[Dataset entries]
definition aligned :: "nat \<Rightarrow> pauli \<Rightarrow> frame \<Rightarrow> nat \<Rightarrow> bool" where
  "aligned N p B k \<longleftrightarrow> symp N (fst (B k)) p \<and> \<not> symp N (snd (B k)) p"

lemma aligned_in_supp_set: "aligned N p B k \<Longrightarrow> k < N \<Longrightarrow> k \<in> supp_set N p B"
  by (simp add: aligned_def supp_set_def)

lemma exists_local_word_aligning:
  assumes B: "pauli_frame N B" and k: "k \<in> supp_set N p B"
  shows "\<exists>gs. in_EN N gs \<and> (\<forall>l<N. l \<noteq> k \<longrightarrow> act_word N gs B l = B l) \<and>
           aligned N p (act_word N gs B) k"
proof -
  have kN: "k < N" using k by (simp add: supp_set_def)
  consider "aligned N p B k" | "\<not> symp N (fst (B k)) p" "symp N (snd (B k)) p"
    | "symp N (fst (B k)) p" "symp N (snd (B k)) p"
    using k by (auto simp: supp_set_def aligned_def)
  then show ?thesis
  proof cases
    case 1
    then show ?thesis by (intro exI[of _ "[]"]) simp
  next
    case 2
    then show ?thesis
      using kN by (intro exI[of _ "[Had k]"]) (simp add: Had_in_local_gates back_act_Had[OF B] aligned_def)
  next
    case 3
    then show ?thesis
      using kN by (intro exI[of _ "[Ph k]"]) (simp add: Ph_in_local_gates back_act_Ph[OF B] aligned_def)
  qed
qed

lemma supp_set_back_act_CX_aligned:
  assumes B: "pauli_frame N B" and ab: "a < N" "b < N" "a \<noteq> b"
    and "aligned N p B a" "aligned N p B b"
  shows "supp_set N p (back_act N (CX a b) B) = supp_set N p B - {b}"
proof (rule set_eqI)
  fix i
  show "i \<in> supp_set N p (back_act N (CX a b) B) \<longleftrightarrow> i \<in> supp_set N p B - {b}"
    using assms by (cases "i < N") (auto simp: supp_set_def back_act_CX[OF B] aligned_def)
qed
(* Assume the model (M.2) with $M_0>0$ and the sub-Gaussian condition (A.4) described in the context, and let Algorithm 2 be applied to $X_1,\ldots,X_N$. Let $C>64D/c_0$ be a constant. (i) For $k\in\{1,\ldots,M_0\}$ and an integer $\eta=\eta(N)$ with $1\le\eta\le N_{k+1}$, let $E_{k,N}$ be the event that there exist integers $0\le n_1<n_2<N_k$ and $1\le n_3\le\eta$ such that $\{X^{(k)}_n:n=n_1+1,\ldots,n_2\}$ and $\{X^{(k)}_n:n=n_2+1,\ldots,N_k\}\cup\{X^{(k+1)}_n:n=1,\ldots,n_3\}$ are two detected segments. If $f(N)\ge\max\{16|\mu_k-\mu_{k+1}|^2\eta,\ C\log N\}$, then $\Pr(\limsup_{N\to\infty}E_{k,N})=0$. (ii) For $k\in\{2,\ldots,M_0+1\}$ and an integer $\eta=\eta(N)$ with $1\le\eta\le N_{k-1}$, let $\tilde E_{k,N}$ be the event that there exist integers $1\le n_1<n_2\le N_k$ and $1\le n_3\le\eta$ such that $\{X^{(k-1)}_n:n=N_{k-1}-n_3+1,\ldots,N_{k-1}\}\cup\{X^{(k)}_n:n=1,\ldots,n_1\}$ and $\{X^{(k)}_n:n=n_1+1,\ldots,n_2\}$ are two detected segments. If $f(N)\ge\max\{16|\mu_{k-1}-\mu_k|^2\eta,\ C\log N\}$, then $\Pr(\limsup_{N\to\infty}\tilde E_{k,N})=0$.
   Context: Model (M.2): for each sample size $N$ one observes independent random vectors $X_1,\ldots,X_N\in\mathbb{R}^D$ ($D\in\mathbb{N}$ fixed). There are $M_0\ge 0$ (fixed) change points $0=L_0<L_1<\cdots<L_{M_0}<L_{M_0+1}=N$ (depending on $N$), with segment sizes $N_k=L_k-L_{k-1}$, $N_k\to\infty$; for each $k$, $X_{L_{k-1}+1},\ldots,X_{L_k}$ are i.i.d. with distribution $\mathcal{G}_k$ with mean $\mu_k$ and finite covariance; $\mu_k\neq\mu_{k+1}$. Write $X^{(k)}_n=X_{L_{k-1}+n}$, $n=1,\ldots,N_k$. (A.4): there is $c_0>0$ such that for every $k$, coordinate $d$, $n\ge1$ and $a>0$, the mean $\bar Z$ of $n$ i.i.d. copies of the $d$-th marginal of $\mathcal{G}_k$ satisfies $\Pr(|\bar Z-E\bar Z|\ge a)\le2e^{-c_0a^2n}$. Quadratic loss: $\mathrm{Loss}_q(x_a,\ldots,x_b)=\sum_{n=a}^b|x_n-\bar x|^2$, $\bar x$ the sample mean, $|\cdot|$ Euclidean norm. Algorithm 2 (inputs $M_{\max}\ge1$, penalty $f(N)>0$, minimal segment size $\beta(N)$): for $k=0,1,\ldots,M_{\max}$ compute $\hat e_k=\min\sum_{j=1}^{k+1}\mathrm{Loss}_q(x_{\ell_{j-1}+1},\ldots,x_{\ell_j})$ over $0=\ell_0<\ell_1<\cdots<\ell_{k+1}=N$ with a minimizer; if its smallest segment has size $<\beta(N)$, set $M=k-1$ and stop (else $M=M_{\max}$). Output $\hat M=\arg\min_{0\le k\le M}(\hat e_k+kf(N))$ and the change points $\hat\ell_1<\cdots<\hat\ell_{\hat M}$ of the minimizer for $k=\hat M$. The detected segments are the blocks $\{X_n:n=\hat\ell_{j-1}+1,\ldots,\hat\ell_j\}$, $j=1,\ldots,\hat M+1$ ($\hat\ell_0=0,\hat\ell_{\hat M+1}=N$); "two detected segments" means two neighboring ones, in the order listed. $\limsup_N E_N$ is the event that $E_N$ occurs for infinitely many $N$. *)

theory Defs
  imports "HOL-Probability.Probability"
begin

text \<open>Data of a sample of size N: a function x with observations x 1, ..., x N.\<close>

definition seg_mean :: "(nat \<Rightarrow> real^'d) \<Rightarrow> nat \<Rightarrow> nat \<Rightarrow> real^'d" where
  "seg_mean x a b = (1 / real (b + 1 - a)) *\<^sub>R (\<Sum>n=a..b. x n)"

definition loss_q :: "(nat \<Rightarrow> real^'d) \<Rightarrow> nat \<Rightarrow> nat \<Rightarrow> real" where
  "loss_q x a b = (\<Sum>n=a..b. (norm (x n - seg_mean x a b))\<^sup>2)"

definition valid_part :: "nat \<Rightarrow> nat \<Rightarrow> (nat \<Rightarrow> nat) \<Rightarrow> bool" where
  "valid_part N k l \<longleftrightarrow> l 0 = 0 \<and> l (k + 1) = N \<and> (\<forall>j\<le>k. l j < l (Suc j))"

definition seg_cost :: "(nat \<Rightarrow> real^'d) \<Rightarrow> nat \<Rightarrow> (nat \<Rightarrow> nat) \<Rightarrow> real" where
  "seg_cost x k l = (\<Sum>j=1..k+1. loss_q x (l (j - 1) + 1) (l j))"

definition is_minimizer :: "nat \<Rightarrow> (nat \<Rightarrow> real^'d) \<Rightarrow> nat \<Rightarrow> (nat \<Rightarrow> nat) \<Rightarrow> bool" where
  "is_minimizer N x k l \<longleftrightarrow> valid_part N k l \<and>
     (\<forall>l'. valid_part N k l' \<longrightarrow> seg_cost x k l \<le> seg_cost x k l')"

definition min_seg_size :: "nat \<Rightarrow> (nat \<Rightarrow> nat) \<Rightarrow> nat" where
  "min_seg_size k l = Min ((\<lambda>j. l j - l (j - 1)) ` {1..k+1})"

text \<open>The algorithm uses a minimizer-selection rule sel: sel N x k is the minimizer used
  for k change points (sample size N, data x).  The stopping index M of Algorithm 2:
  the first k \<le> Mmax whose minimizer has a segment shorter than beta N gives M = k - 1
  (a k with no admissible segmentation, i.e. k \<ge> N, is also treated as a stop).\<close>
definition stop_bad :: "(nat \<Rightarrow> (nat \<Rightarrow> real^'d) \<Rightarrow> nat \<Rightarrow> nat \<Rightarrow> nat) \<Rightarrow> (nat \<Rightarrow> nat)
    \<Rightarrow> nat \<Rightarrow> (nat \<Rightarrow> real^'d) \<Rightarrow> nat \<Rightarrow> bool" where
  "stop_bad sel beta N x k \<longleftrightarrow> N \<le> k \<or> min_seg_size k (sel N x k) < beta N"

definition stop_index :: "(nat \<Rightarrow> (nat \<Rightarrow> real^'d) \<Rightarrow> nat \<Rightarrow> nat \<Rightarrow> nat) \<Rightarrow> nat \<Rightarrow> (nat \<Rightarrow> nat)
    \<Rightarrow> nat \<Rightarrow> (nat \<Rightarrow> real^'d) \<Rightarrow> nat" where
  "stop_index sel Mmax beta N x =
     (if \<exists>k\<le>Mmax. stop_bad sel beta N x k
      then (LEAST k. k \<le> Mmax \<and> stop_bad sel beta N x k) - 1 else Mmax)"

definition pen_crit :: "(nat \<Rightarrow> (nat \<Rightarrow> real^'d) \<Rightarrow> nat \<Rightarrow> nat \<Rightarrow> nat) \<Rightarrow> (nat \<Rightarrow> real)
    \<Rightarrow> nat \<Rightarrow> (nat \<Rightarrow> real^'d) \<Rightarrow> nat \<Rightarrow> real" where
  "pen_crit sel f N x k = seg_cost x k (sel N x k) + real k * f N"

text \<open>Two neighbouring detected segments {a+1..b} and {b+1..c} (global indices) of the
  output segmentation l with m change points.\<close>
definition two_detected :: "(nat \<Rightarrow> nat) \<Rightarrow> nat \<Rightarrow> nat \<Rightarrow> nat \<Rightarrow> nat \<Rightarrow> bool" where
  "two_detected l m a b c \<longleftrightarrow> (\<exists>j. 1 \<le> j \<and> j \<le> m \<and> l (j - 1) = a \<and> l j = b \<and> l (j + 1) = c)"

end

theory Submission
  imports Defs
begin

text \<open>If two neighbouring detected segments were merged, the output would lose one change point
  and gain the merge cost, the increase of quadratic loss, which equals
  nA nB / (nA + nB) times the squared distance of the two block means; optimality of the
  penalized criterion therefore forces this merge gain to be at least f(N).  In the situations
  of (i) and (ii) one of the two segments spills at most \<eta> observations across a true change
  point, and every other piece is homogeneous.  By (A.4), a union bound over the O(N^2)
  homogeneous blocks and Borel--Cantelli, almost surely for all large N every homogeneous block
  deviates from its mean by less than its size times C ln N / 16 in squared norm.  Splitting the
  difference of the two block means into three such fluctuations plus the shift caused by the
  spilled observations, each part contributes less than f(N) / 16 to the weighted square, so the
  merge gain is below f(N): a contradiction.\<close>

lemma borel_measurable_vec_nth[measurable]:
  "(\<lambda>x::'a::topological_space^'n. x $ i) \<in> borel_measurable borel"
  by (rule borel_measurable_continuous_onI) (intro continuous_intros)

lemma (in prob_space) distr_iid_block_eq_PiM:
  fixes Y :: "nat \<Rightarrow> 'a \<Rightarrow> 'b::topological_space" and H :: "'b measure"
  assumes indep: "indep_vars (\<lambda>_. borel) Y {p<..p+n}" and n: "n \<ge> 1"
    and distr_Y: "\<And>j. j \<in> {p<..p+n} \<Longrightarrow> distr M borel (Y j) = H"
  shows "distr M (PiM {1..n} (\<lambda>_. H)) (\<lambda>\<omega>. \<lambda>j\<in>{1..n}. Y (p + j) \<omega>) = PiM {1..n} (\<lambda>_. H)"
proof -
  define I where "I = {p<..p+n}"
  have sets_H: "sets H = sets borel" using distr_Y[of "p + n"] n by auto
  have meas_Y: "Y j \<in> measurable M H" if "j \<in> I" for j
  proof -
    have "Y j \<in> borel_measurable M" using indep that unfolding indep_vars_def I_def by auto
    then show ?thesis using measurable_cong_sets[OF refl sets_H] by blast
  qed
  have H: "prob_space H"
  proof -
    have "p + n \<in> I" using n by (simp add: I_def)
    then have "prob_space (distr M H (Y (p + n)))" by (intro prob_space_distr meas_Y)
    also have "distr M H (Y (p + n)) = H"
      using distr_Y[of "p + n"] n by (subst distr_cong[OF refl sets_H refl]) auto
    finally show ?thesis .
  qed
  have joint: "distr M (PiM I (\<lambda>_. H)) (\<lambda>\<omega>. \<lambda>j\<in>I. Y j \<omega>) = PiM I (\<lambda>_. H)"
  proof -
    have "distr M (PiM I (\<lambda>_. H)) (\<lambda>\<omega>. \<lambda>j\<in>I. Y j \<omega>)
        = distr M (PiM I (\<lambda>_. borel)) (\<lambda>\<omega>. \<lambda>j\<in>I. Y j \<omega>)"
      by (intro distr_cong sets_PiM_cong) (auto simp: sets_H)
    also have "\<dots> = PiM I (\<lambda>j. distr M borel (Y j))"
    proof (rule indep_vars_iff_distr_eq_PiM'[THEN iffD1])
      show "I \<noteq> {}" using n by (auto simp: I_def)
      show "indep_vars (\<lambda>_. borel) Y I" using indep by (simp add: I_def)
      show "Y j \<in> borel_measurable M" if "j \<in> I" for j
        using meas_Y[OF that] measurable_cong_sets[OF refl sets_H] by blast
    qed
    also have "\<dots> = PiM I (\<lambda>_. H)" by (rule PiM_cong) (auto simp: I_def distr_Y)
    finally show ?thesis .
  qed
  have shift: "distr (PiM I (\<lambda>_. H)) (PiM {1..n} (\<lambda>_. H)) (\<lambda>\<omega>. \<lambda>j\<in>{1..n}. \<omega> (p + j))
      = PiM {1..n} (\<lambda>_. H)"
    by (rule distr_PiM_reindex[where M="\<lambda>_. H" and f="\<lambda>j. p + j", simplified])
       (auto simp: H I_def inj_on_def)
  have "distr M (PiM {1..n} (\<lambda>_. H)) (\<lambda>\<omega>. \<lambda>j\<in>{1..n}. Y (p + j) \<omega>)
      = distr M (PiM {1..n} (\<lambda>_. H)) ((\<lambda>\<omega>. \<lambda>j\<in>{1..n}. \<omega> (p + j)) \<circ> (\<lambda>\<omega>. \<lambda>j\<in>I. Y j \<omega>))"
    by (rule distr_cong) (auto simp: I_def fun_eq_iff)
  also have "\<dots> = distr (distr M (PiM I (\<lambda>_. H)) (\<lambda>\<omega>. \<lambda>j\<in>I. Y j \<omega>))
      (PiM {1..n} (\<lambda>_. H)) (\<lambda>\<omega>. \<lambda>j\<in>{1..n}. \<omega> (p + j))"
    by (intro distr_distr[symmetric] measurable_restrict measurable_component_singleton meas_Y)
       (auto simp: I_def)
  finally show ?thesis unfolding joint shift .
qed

> [PROMPT]:
Exact copies of the lines from the start of the data up to the line holding "B k \<Longrightarrow>", both included, are all that is needed.

> [ANSWER FOR THIS EXERCISE]:
definition aligned :: "nat \<Rightarrow> pauli \<Rightarrow> frame \<Rightarrow> nat \<Rightarrow> bool" where
  "aligned N p B k \<longleftrightarrow> symp N (fst (B k)) p \<and> \<not> symp N (snd (B k)) p"

lemma aligned_in_supp_set: "aligned N p B k \<Longrightarrow> k < N \<Longrightarrow> k \<in> supp_set N p B"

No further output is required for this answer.